__TO DO__.
Every line of the material below, from the top through the line with "unfolding quad_form_def by", should be reproduced exactly.
·····
lemma quad_form_A_alpha:
  "quad_form (A_alpha \<alpha> G) (fst G) x = (\<Sum>i<fst G. \<Sum>j<fst G. edge_form \<alpha> G x i j)"
proof -
  have "quad_form (A_alpha \<alpha> G) (fst G) x = (\<Sum>i<fst G. x i * (\<Sum>j<fst G. A_alpha \<alpha> G i j * x j))"
    unfolding quad_form_def by (simp add: sum_distrib_left algebra_simps)
  also have "\<dots> = (\<Sum>i<fst G. \<Sum>j<fst G. edge_form \<alpha> G x i j)"
  proof (intro sum.cong refl)
    fix i assume "i \<in> {..<fst G}"
    then have i: "i < fst G" by simp
    have "(\<Sum>j<fst G. edge_form \<alpha> G x i j)
       = (\<Sum>j<fst G. \<alpha> * (x i)\<^sup>2 * (if snd G i j then 1 else 0) + (1 - \<alpha>) * x i * (if snd G i j then x j else 0))"
      unfolding edge_form_def by (intro sum.cong) auto
    also have "\<dots> = \<alpha> * (x i)\<^sup>2 * real (Defs.degree G i) + (1 - \<alpha>) * x i * (\<Sum>j<fst G. if snd G i j then x j else 0)"
      by (simp add: sum.distrib degree_eq_sum sum_distrib_left)
    finally show "x i * (\<Sum>j<fst G. A_alpha \<alpha> G i j * x j) = (\<Sum>j<fst G. edge_form \<alpha> G x i j)"
      unfolding sum_A_alpha_row[OF i] by (simp add: algebra_simps power2_eq_square)
  qed
  finally show ?thesis .
qed

lemma eigenvalue_alpha_finite: "finite {\<mu>. is_eigenvalue_alpha \<alpha> G \<mu>}"
proof -
  define n where "n = fst G"
  define M :: "real mat" where "M = mat n n (\<lambda>(i, j). A_alpha \<alpha> G i j)"
  have M: "M \<in> carrier_mat n n" by (simp add: M_def)
  have "{\<mu>. is_eigenvalue_alpha \<alpha> G \<mu>} \<subseteq> {\<mu>. poly (char_poly M) \<mu> = 0}"
  proof
    fix \<mu> assume "\<mu> \<in> {\<mu>. is_eigenvalue_alpha \<alpha> G \<mu>}"
    then obtain x where x0: "\<exists>i<n. x i \<noteq> 0" and ev: "\<forall>i<n. (\<Sum>j<n. A_alpha \<alpha> G i j * x j) = \<mu> * x i"
      unfolding is_eigenvalue_alpha_def n_def by auto
    have "eigenvector M (vec n x) \<mu>" unfolding eigenvector_def
    proof (intro conjI)
      show "vec n x \<in> carrier_vec (dim_row M)" "vec n x \<noteq> 0\<^sub>v (dim_row M)"
        using x0 M by (auto simp: vec_eq_iff)
      show "M *\<^sub>v vec n x = \<mu> \<cdot>\<^sub>v vec n x"
        using ev M by (intro eq_vecI) (auto simp: M_def mult_mat_vec_def scalar_prod_def lessThan_atLeast0)
    qed
    then show "\<mu> \<in> {\<mu>. poly (char_poly M) \<mu> = 0}"
      using eigenvalue_root_char_poly[OF M] unfolding eigenvalue_def by blast
  qed
  moreover have "char_poly M \<noteq> 0" using degree_monic_char_poly[OF M] by auto
  ultimately show ?thesis using poly_roots_finite finite_subset by blast
qed

lemma eigenvalue_le_lambda_alpha: "is_eigenvalue_alpha \<alpha> G \<nu> \<Longrightarrow> \<nu> \<le> lambda_alpha \<alpha> G"
  unfolding lambda_alpha_def using eigenvalue_alpha_finite by (intro Max_ge) auto
theorem mainTheorem11:
  fixes A :: "'g::linordered_ab_group_add stmat" and m :: nat
  assumes "m \<in> {2, 3}"
    and "tangible (det m A)"
  shows "(\<forall>k\<le>m. gs (det m A * charcoeff m (nabla m A) k) (charcoeff m A (m - k)))
       \<and> (m = 2 \<longrightarrow> (\<forall>k\<le>m. det m A * charcoeff m (nabla m A) k = charcoeff m A (m - k)))"
proof -
  have top: "det m A * charcoeff m (nabla m A) m = charcoeff m A (m - m)"
    by (simp add: charcoeff_top charcoeff_zero)
  from assms(1) consider (two) "m = 2" | (three) "m = 3"
    by blast
  then show ?thesis
  proof cases
    case two
    have "det m A * charcoeff m (nabla m A) k = charcoeff m A (m - k)" if "k \<le> m" for k
    proof (cases "k = m")
      case False
      then show ?thesis
        using charcoeff_nabla_of_charcoeff_adj[of m A k 0] charcoeff_adj_2[of k A] assms(2) that two
        by simp
    qed (simp add: top)
    then show ?thesis
      using two by (simp add: gs_refl)
  next
    case three
    have "gs (det m A * charcoeff m (nabla m A) k) (charcoeff m A (m - k))" if "k \<le> m" for k
    proof (cases "k = m")
      case False
      with that have k: "k < m"
        by simp
      obtain E where
        "charcoeff m (adj m A) k = det m A ^ (m - Suc k) * charcoeff m A (m - k) + (E + E)"
        using charcoeff_adj_3[of k A] k three by auto
      then have "det m A * charcoeff m (nabla m A) k = charcoeff m A (m - k)
          + (det m A * tinv (det m A) ^ (m - k) * E + det m A * tinv (det m A) ^ (m - k) * E)"
        by (rule charcoeff_nabla_of_charcoeff_adj[OF assms(2) k])
      then show ?thesis
        by (simp add: gs_add_double)
    qed (simp add: top gs_refl)
    then show ?thesis
      using three by simp
  qed
qed
end
lemma decidable_ball_list:
  assumes "decidable_rel P" and "computable f"
  shows "decidable_pred (\<lambda>x. \<forall>y\<in>set (list_decode (f x)). P y x)"
proof -
  have "computable (\<lambda>z. prod_encode (code_nth (f (snd (prod_decode z))) (fst (prod_decode z)), snd (prod_decode z)))"
    by (intro computable_prod_encode computable_code_nth computable_comp[OF assms(2)]
        computable_fst_prod_decode computable_snd_prod_decode computable_id)
  from decidable_comp[OF assms(1) this] have "decidable_rel (\<lambda>j x. P (code_nth (f x) j) x)"
    by simp
  then have "decidable_pred (\<lambda>x. \<forall>j<length (list_decode (f x)). P (code_nth (f x) j) x)"
    using assms(2) by (intro decidable_ball[where P = "\<lambda>j x. P (code_nth (f x) j) x"] computable_length)
  moreover have "(\<forall>j<length (list_decode c). P (code_nth c j) x) \<longleftrightarrow> (\<forall>y\<in>set (list_decode c). P y x)"
    for c x by (auto simp: code_nth_eq_nth all_set_conv_all_nth)
  ultimately show ?thesis by simp
qed

lemma decidable_bex_list:
  assumes "decidable_rel P" and "computable f"
  shows "decidable_pred (\<lambda>x. \<exists>y\<in>set (list_decode (f x)). P y x)"
proof -
  have "decidable_pred (\<lambda>x. \<forall>y\<in>set (list_decode (f x)). \<not> P y x)"
    using decidable_not[OF assms(1)] assms(2) by (rule decidable_ball_list[where P = "\<lambda>y x. \<not> P y x"])
  then show ?thesis using decidable_not by fastforce
qed

section \<open>Decidable conditions on coded tileset graphs\<close>

lemma edge_decode_eq:
  "edge_decode d =
     (fst (prod_decode d), fst (prod_decode (snd (prod_decode d))), snd (prod_decode (snd (prod_decode d))))"
  unfolding edge_decode_def by (simp add: case_prod_beta)

lemma computable_edge_decode:
  assumes "computable f"
  shows "computable (\<lambda>x. fst (edge_decode (f x)))" and "computable (\<lambda>x. fst (snd (edge_decode (f x))))"
    and "computable (\<lambda>x. snd (snd (edge_decode (f x))))"
  unfolding edge_decode_eq fst_conv snd_conv
  by (intro computable_fst_prod_decode computable_snd_prod_decode assms)+

lemma set_code_edges: "set (code_edges c) = edge_decode ` set (list_decode (snd (prod_decode c)))"
  unfolding code_edges_def by simp

lemma decidable_mem_code_edges:
  assumes "computable a" "computable b" "computable k" "computable c"
  shows "decidable_pred (\<lambda>x. (a x, b x, k x) \<in> set (code_edges (c x)))"
proof -
  have "(a x, b x, k x) \<in> set (code_edges (c x)) \<longleftrightarrow>
    (\<exists>d\<in>set (list_decode (snd (prod_decode (c x)))). fst (edge_decode d) = a x \<and>
       fst (snd (edge_decode d)) = b x \<and> snd (snd (edge_decode d)) = k x)" for x
    unfolding set_code_edges by (force simp: prod_eq_iff)
  moreover have "decidable_pred (\<lambda>x. \<exists>d\<in>set (list_decode (snd (prod_decode (c x)))).
      fst (edge_decode d) = a x \<and> fst (snd (edge_decode d)) = b x \<and> snd (snd (edge_decode d)) = k x)"
    by (intro decidable_bex_list decidable_conj decidable_eq computable_edge_decode
        computable_fst_prod_decode computable_snd_prod_decode computable_id
        computable_comp[OF assms(1)] computable_comp[OF assms(2)] computable_comp[OF assms(3)]
        computable_comp[OF assms(4)])
  ultimately show ?thesis by simp
qed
·····
__RESULT__.
lemma quad_form_A_alpha:
  "quad_form (A_alpha \<alpha> G) (fst G) x = (\<Sum>i<fst G. \<Sum>j<fst G. edge_form \<alpha> G x i j)"
proof -
  have "quad_form (A_alpha \<alpha> G) (fst G) x = (\<Sum>i<fst G. x i * (\<Sum>j<fst G. A_alpha \<alpha> G i j * x j))"
    unfolding quad_form_def by (simp add: sum_distrib_left algebra_simps)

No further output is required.